*Problem to solve*
Look through the records below and collect all lines that hold the string "lemmas".

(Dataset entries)
--
lemma bij_twisted: "bij_betw twisted (carrier G) (carrier G)"
proof -
  have "bij_betw ((\<lambda>g. k \<otimes> g \<otimes> inv k) \<circ> \<alpha>) (carrier G) (carrier G)"
    by (rule bij_betw_trans[OF bij_\<alpha> bij_betw_mult_both]) simp_all
  then show ?thesis
    by (simp add: comp_def)
qed

lemmas aut_pow_closed [simp] = group_hom.hom_closed[OF aut_pow_group_hom[OF aut]]
lemmas aut_pow_mult = group_hom.hom_mult[OF aut_pow_group_hom[OF aut]]
lemmas aut_pow_inv = group_hom.hom_inv[OF aut_pow_group_hom[OF aut]]

(* The orbit of \<one> under g \<mapsto> k \<alpha>(g), so cocycle n = k \<alpha>(k) \<cdots> \<alpha>\<^sup>n\<^sup>-\<^sup>1(k) for n \<ge> 0. *)
definition cocycle :: "int \<Rightarrow> 'g"
  where "cocycle n = aut_pow G (\<lambda>g. k \<otimes> \<alpha> g) n \<one>"

lemma cocycle_closed [simp]: "cocycle n \<in> carrier G"
  unfolding cocycle_def using bij_betw_aut_pow[OF bij_affine] by (rule bij_betw_apply) simp

lemma cocycle_succ: "cocycle (n + 1) = k \<otimes> \<alpha> (cocycle n)"
  unfolding cocycle_def by (rule aut_pow_succ[OF bij_affine]) simp

lemma aut_pow_affine:
  assumes y: "y \<in> carrier G"
  shows "aut_pow G (\<lambda>g. k \<otimes> \<alpha> g) n y = cocycle n \<otimes> aut_pow G \<alpha> n y"
proof -
  have "cocycle n \<otimes> aut_pow G \<alpha> n y = aut_pow G (\<lambda>g. k \<otimes> \<alpha> g) n (cocycle 0 \<otimes> aut_pow G \<alpha> 0 y)"
  proof (rule orbit_eq_aut_pow[OF bij_affine, where f = "\<lambda>n. cocycle n \<otimes> aut_pow G \<alpha> n y"])
    show "cocycle n \<otimes> aut_pow G \<alpha> n y \<in> carrier G" for n
      using y by simp
    show "cocycle (n + 1) \<otimes> aut_pow G \<alpha> (n + 1) y = k \<otimes> \<alpha> (cocycle n \<otimes> aut_pow G \<alpha> n y)" for n
      using y by (simp add: cocycle_succ aut_pow_succ[OF bij_\<alpha>] m_assoc)
  qed
  then show ?thesis
    using y by (simp add: cocycle_def aut_pow_def)
qed

lemma cocycle_add: "cocycle (n + m) = cocycle n \<otimes> aut_pow G \<alpha> n (cocycle m)"
proof -
  have "cocycle (n + m) = aut_pow G (\<lambda>g. k \<otimes> \<alpha> g) n (cocycle m)"
    unfolding cocycle_def by (rule aut_pow_add[OF bij_affine]) simp
  also have "\<dots> = cocycle n \<otimes> aut_pow G \<alpha> n (cocycle m)"
    by (rule aut_pow_affine) simp
  finally show ?thesis .
qed

lemma aut_pow_twisted:
  assumes g: "g \<in> carrier G"
  shows "aut_pow G twisted n g = cocycle n \<otimes> aut_pow G \<alpha> n g \<otimes> inv (cocycle n)"
proof -
  have "cocycle n \<otimes> aut_pow G \<alpha> n g \<otimes> inv (cocycle n)
      = aut_pow G twisted n (cocycle 0 \<otimes> aut_pow G \<alpha> 0 g \<otimes> inv (cocycle 0))"
  proof (rule orbit_eq_aut_pow[OF bij_twisted, where f = "\<lambda>n. cocycle n \<otimes> aut_pow G \<alpha> n g \<otimes> inv (cocycle n)"])
    show "cocycle n \<otimes> aut_pow G \<alpha> n g \<otimes> inv (cocycle n) \<in> carrier G" for n
      using g by simp
    show "cocycle (n + 1) \<otimes> aut_pow G \<alpha> (n + 1) g \<otimes> inv (cocycle (n + 1))
        = twisted (cocycle n \<otimes> aut_pow G \<alpha> n g \<otimes> inv (cocycle n))" for n
      using g by (simp add: cocycle_succ aut_pow_succ[OF bij_\<alpha>] m_assoc inv_mult_group)
  qed
  then show ?thesis
    using g by (simp add: cocycle_def aut_pow_def)
qed

definition twist :: "cantor \<Rightarrow> 'g"
  where "twist x = cocycle (- int (dyadic_length x))"

definition twist_along :: "(cantor \<Rightarrow> cantor) \<Rightarrow> cantor \<Rightarrow> 'g"
  where "twist_along v x =
    (let y = inv_into UNIV v x in cocycle (log2_slope v y - int (dyadic_length y)))"

lemma twist_closed [simp]: "twist x \<in> carrier G"
  by (simp add: twist_def)

lemma twist_along_closed [simp]: "twist_along v x \<in> carrier G"
  by (simp add: twist_along_def Let_def)

lemma twist_along_apply: "inj v \<Longrightarrow> twist_along v (v y) = cocycle (log2_slope v y - int (dyadic_length y))"
  by (simp add: twist_along_def)

lemma finite_twist_defect:
  assumes v: "v \<in> thompsonV"
  shows "finite {x \<in> Q2. twist x \<noteq> twist_along v x}"
proof -
  have "{x \<in> Q2. twist x \<noteq> twist_along v x}
      \<subseteq> v ` {y \<in> Q2. int (dyadic_length (v y)) \<noteq> int (dyadic_length y) - log2_slope v y}"
  proof
    fix x assume x: "x \<in> {x \<in> Q2. twist x \<noteq> twist_along v x}"
    obtain y where xy: "x = v y"
      using thompsonV_bij[OF v] by (metis bij_pointE)
    then have "y \<in> Q2"
      using x thompsonV_Q2_iff[OF v] by simp
    moreover have "int (dyadic_length (v y)) \<noteq> int (dyadic_length y) - log2_slope v y"
      using x xy thompsonV_bij[OF v]
      by (auto simp: twist_def twist_along_apply bij_is_inj)
    ultimately show "x \<in> v ` {y \<in> Q2. int (dyadic_length (v y)) \<noteq> int (dyadic_length y) - log2_slope v y}"
      using xy by blast
  qed
  then show ?thesis
    using finite_dyadic_length_defect[OF v] finite_subset by blast
qed

definition twist_iso :: "(cantor \<Rightarrow> 'g) \<times> (cantor \<Rightarrow> cantor) \<Rightarrow> (cantor \<Rightarrow> 'g) \<times> (cantor \<Rightarrow> cantor)"
  where "twist_iso = (\<lambda>(a, v). (sandwich G twist (twist_along v) a, v))"

lemma bij_betw_twist_iso:
  "bij_betw twist_iso (carrier (fraction_group G \<alpha>)) (carrier (fraction_group G twisted))"
proof (rule bij_betw_byWitness[where f' = "\<lambda>(c, v). (sandwich G (\<lambda>x. inv twist x) (\<lambda>x. inv twist_along v x) c, v)"])
  have cofinite: "finite {x \<in> Q2. inv twist x \<noteq> inv twist_along v x}" if "v \<in> thompsonV" for v
    using finite_twist_defect[OF that] by (rule finite_subset[rotated]) auto
  show "twist_iso ` carrier (fraction_group G \<alpha>) \<subseteq> carrier (fraction_group G twisted)"
    by (auto simp: twist_iso_def intro: sandwich_in_fin_supp_maps finite_twist_defect)
  show "(\<lambda>(c, v). (sandwich G (\<lambda>x. inv twist x) (\<lambda>x. inv twist_along v x) c, v)) ` carrier (fraction_group G twisted)
      \<subseteq> carrier (fraction_group G \<alpha>)"
    by (auto intro: sandwich_in_fin_supp_maps cofinite)
qed (auto simp: twist_iso_def sandwich_inverse_left sandwich_inverse_right)
definition kappa3 :: "(real \<Rightarrow> real) \<Rightarrow> real \<Rightarrow> real" where
  "kappa3 b3 \<alpha> = (SUP x\<in>{x. \<bar>x\<bar> \<le> \<alpha>}. \<bar>b3 x\<bar>)"

definition S1 :: "real \<Rightarrow> (real \<Rightarrow> real) \<Rightarrow> ('p::finite \<Rightarrow> real) \<Rightarrow> ('p \<Rightarrow> real)
    \<Rightarrow> real^'r::finite \<Rightarrow> real^'r^'p \<Rightarrow> real^'r" where
  "S1 \<phi> b1 y \<omega> \<theta> A = (1/\<phi>) *\<^sub>R (\<Sum>j\<in>UNIV. (\<omega> j * (y j - b1 ((A $ j) \<bullet> \<theta>))) *\<^sub>R (A $ j))"

definition B1 :: "(real \<Rightarrow> real) \<Rightarrow> ('p::finite \<Rightarrow> real) \<Rightarrow> ('p \<Rightarrow> real)
    \<Rightarrow> real^'r::finite \<Rightarrow> real^'r^'p \<Rightarrow> real^'r^'p \<Rightarrow> real^'r" where
  "B1 b2 \<omega> mstar \<theta>star Astar A =
     (\<Sum>j\<in>UNIV. (\<omega> j * b2 (mstar j) * ((A $ j - Astar $ j) \<bullet> \<theta>star)) *\<^sub>R (A $ j))"

definition I1 :: "(real \<Rightarrow> real) \<Rightarrow> ('p::finite \<Rightarrow> real) \<Rightarrow> ('p \<Rightarrow> real)
    \<Rightarrow> real^'r::finite^'p \<Rightarrow> real^'r^'r" where
  "I1 b2 \<omega> mstar A =
     (\<Sum>j\<in>UNIV. (\<omega> j * b2 (mstar j)) *\<^sub>R (\<chi> k l. (A $ j $ k) * (A $ j $ l)))"

definition beta1 :: "('p::finite \<Rightarrow> real) \<Rightarrow> real^'r::finite \<Rightarrow> real^'r^'p \<Rightarrow> real^'r^'p \<Rightarrow> real" where
  "beta1 \<omega> \<theta>star Astar A = (SUP u\<in>{u::real^'r. norm u = 1}.
     \<Sum>j\<in>UNIV. \<omega> j * ((A $ j - Astar $ j) \<bullet> \<theta>star)\<^sup>2 * \<bar>(A $ j) \<bullet> u\<bar>)"

definition gamma1 :: "('p::finite \<Rightarrow> real) \<Rightarrow> real^'r::finite^'p \<Rightarrow> real" where
  "gamma1 \<omega> A = (SUP u\<in>{u::real^'r. norm u = 1}. \<Sum>j\<in>UNIV. \<omega> j * \<bar>(A $ j) \<bullet> u\<bar> ^ 3)"

end

theory Submission
  imports Defs
begin

text \<open>Expanding \<open>b'\<close> to second order around \<open>m\<^sup>*\<^sub>i\<^sub>j\<close> shows that \<open>\<phi> S\<^sub>1\<^sub>,\<^sub>i(\<theta>)\<close> differs from the
  affine map \<open>-\<I>\<^sub>1\<^sub>,\<^sub>i (\<theta> - \<theta>\<^sup>*\<^sub>i)\<close> by the noise term \<open>Z\<^sub>i diag(\<Omega>\<^sub>i) A\<close>, the bias \<open>B\<^sub>1\<^sub>,\<^sub>i\<close>
  and a Taylor remainder, which on the ball of radius \<open>\<xi>\<close> around \<open>\<theta>\<^sup>*\<^sub>i\<close> is at most
  \<open>\<kappa>\<^sub>3 (\<beta>\<^sub>1\<^sub>,\<^sub>i + \<gamma>\<^sub>1\<^sub>,\<^sub>i \<xi>\<^sup>2)\<close>. The two bounds on \<open>\<xi>\<close> make the total deviation at most
  \<open>\<sigma>\<^sub>r \<xi>\<close>, so the Newton-type map \<open>\<theta> \<mapsto> \<theta> + \<I>\<^sub>1\<^sub>,\<^sub>i\<inverse> \<phi> S\<^sub>1\<^sub>,\<^sub>i(\<theta>)\<close> sends the ball into
  itself, and Brouwer's fixed point theorem yields a zero of the score.\<close>

lemma sigma_min_mult_norm_le:
  fixes M :: "real^'r::finite^'r"
  shows "sigma_min M * norm v \<le> norm (M *v v)"
proof (cases "v = 0")
  case True
  then show ?thesis by simp
next
  case False
  let ?u = "(1 / norm v) *\<^sub>R v"
  have "sigma_min M \<le> norm (M *v ?u)"
    unfolding sigma_min_def
    by (rule cINF_lower) (use False in \<open>auto intro: bdd_belowI[where m = 0]\<close>)
  also have "\<dots> = norm (M *v v) / norm v"
    by (simp add: matrix_vector_mult_scaleR)
  finally show ?thesis
    using False by (simp add: field_simps)
qed
lemma coroot_lincomb: "b \<in> roots al alv \<Longrightarrow> \<exists>N. coroot al alv b = lincomb N alv"
  unfolding roots_def
  using km_root_datum.roots_lincomb[OF dual_root_datum] km_root_datum.rootsI[OF dual_root_datum]
  by (auto simp: coroot_actX actY_eq_actX_dual)

lemma card_Inv_eq_wlen: "card (Inv al alv (actX al alv ws)) = wlen al alv (actX al alv ws)"
proof -
  obtain ws' where "reduced_word al alv ws'" "actX al alv ws' = actX al alv ws"
    using reduced_word_exists by blast
  then show ?thesis using card_Inv_reduced_word unfolding reduced_word_def by metis
qed

lemma sum_pair_coroot_Inv_sref:
  assumes b: "b \<in> roots al alv"
  shows "(\<Sum>g\<in>Inv al alv (sref al alv b). pair (coroot al alv b) g) = 2 * ht alv (coroot al alv b)"
proof -
  obtain p where p: "actX al alv p = sref al alv b" using sref_in_weyl[OF b] by blast
  obtain N where N: "coroot al alv b = lincomb N alv" using coroot_lincomb[OF b] by blast
  have "actY al alv p (coroot al alv b) = lincomb (\<lambda>i. - N i) alv"
    using actY_coroot_if_actX_sref[OF b p] by (simp add: N lincomb_uminus)
  then have "ht alv (actY al alv p (coroot al alv b)) = - ht alv (coroot al alv b)"
    by (simp add: N ht_lincomb sum_negf)
  then show ?thesis using sum_Inv_pair[where ws = p and N = N] by (simp add: p N)
qed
--
*Your solution*
lemmas aut_pow_closed [simp] = group_hom.hom_closed[OF aut_pow_group_hom[OF aut]]
lemmas aut_pow_mult = group_hom.hom_mult[OF aut_pow_group_hom[OF aut]]
lemmas aut_pow_inv = group_hom.hom_inv[OF aut_pow_group_hom[OF aut]]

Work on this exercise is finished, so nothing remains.